To contrast the conventional PCR process with the LAMP process, LAMP can be performed in 30 min to 2 hours from sample to signal in a single tube at one temperature at low cost. Conventional PCR from sample to signal can take anywhere from one to two workdays even when using an automated nucleic acid extractor. It requires three separate rooms in the clinical laboratory, multiple tubes, complex preparation, a multiple temperature cycling instrument, and a means to detect the amplicons that are generated. For our application, two pre-processing steps, DNA extraction, two rounds of PCR in a thermo cycler, and a gel to visualize the signal was necessary when conventional PCR techniques were used.
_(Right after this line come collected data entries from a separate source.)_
(* Let $N\ge1$, let $-1=x_0<x_1<\cdots<x_N<1$ be Gauss–Radau points, let $\{l_j\}_{j=0}^N\subset\mathbb{P}_N$ be the Lagrange basis polynomials at these points, and let $B_0(x)=1$, $B_j(x)=\int_{-1}^xL_j(t)\,dt$ ($1\le j\le N$), where $L_j(x)=\frac{Q_N(x)}{(x-x_j)Q_N'(x_j)}$, $Q_N(x)=\prod_{i=1}^N(x-x_i)$; thus $B_j(-1)=0$, $B_j'(x_i)=\delta_{ij}$ for $1\le i,j\le N$. Set $b_{ij}=B_j(x_i)$, $d_{ij}=l_j'(x_i)$ and $\mathbf B=(b_{ij})_{0\le i,j\le N}$, $\mathbf B_{\rm in}=(b_{ij})_{1\le i,j\le N}$, $\mathbf D=(d_{ij})_{0\le i,j\le N}$, $\mathbf D_{\rm in}=(d_{ij})_{1\le i,j\le N}$. Let $\widetilde{\mathbf D}$ be obtained from $\mathbf D$ by replacing its first row by $(1,0,\dots,0)$. Then $$\mathbf D_{\rm in}\mathbf B_{\rm in}=\mathbf I_N,\qquad \widetilde{\mathbf D}\,\mathbf B=\mathbf I_{N+1}.$$
   Context: Gauss–Radau points: Legendre–Gauss–Radau points (zeros of $P_N+P_{N+1}$, $P_k$ the Legendre polynomials) or Chebyshev–Gauss–Radau points $x_j=-\cos(2j\pi/(2N+1))$. $\mathbb{P}_N$ is the space of polynomials of degree at most $N$; $\mathbf I_M$ is the $M\times M$ identity matrix. *)

theory Defs
  imports "HOL-Analysis.Analysis" "HOL-Computational_Algebra.Polynomial" "Jordan_Normal_Form.Matrix"
begin

fun legendre :: "nat \<Rightarrow> real poly" where
  "legendre 0 = 1"
| "legendre (Suc 0) = [:0, 1:]"
| "legendre (Suc (Suc n)) =
     Polynomial.smult (1 / real (n + 2))
       (Polynomial.smult (real (2 * n + 3)) ([:0, 1:] * legendre (Suc n)) - Polynomial.smult (real (n + 1)) (legendre n))"

definition legendre_gauss_radau :: "nat \<Rightarrow> (nat \<Rightarrow> real) \<Rightarrow> bool" where
  "legendre_gauss_radau N x \<longleftrightarrow>
     strict_mono_on {0..N} x \<and>
     x ` {0..N} = {t. poly (legendre N + legendre (Suc N)) t = 0}"

definition chebyshev_gauss_radau :: "nat \<Rightarrow> (nat \<Rightarrow> real) \<Rightarrow> bool" where
  "chebyshev_gauss_radau N x \<longleftrightarrow>
     (\<forall>j\<le>N. x j = - cos (2 * real j * pi / (2 * real N + 1)))"

definition gauss_radau :: "nat \<Rightarrow> (nat \<Rightarrow> real) \<Rightarrow> bool" where
  "gauss_radau N x \<longleftrightarrow> legendre_gauss_radau N x \<or> chebyshev_gauss_radau N x"

definition lagrange_basis :: "nat \<Rightarrow> (nat \<Rightarrow> real) \<Rightarrow> nat \<Rightarrow> real poly" where
  "lagrange_basis N x j =
     Polynomial.smult (1 / (\<Prod>k\<in>{0..N} - {j}. (x j - x k))) (\<Prod>k\<in>{0..N} - {j}. [:- x k, 1:])"

definition QN :: "nat \<Rightarrow> (nat \<Rightarrow> real) \<Rightarrow> real poly" where
  "QN N x = (\<Prod>i\<in>{1..N}. [:- x i, 1:])"

definition LL :: "nat \<Rightarrow> (nat \<Rightarrow> real) \<Rightarrow> nat \<Rightarrow> real \<Rightarrow> real" where
  "LL N x j t = poly (QN N x) t / ((t - x j) * poly (pderiv (QN N x)) (x j))"

definition BB :: "nat \<Rightarrow> (nat \<Rightarrow> real) \<Rightarrow> nat \<Rightarrow> real \<Rightarrow> real" where
  "BB N x j t = (if j = 0 then 1 else integral {-1..t} (LL N x j))"

definition bcoef :: "nat \<Rightarrow> (nat \<Rightarrow> real) \<Rightarrow> nat \<Rightarrow> nat \<Rightarrow> real" where
  "bcoef N x i j = BB N x j (x i)"

definition dcoef :: "nat \<Rightarrow> (nat \<Rightarrow> real) \<Rightarrow> nat \<Rightarrow> nat \<Rightarrow> real" where
  "dcoef N x i j = poly (pderiv (lagrange_basis N x j)) (x i)"

definition Bmat :: "nat \<Rightarrow> (nat \<Rightarrow> real) \<Rightarrow> real mat" where
  "Bmat N x = mat (N + 1) (N + 1) (\<lambda>(i, j). bcoef N x i j)"

definition Bin :: "nat \<Rightarrow> (nat \<Rightarrow> real) \<Rightarrow> real mat" where
  "Bin N x = mat N N (\<lambda>(i, j). bcoef N x (i + 1) (j + 1))"

definition Dmat :: "nat \<Rightarrow> (nat \<Rightarrow> real) \<Rightarrow> real mat" where
  "Dmat N x = mat (N + 1) (N + 1) (\<lambda>(i, j). dcoef N x i j)"

definition Din :: "nat \<Rightarrow> (nat \<Rightarrow> real) \<Rightarrow> real mat" where
  "Din N x = mat N N (\<lambda>(i, j). dcoef N x (i + 1) (j + 1))"

definition Dtilde :: "nat \<Rightarrow> (nat \<Rightarrow> real) \<Rightarrow> real mat" where
  "Dtilde N x = mat (N + 1) (N + 1)
     (\<lambda>(i, j). if i = 0 then (if j = 0 then 1 else 0) else Dmat N x $$ (i, j))"

end

theory Submission
  imports Defs
begin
Not only does LAMP technology reduce the time for set up and signal generation, it allows the amplification of very small amounts of DNA in the sample and overcomes inhibiting substances that interfere with conventional PCR. Our data (Figure 3 and 4) clearly shows the ability of LAMP technology to out-perform conventional PCR.

The Lucigen OmniAmp reagents, designed specifically for LAMP amplification, contain specialized nucleic acid polymerases plus reverse transcriptase and allow for the amplification of DNA and RNA. In certain situations, especially viral amplification, this is a necessary added advantage [21]. A combination of LAMP primers has been used in multiplex reactions [22,23] and various approaches to designing the primers exist [24].

Considering the various time points and processes used to prepare DNA from blood culture for the PCR process, certain aspects can be observed. For example, for the majority of positive samples, two pre-processing steps and LAMP technology for amplification gave the best results. It is interesting to note that when using simple sense and antisense primers with two rounds of PCR, standard reagents and two pre-processing steps, inconsistent results were obtained. More consistent results were displayed when LAMP primers and Lucigen OmniAmp DNA and RNA reagents were used. Lucigen reagents contain both a DNA polymerase and a reverse transcriptase. Although DNA was used in these studies, future studies will take advantage of the fact that both RNA and DNA can be amplified during the detection process.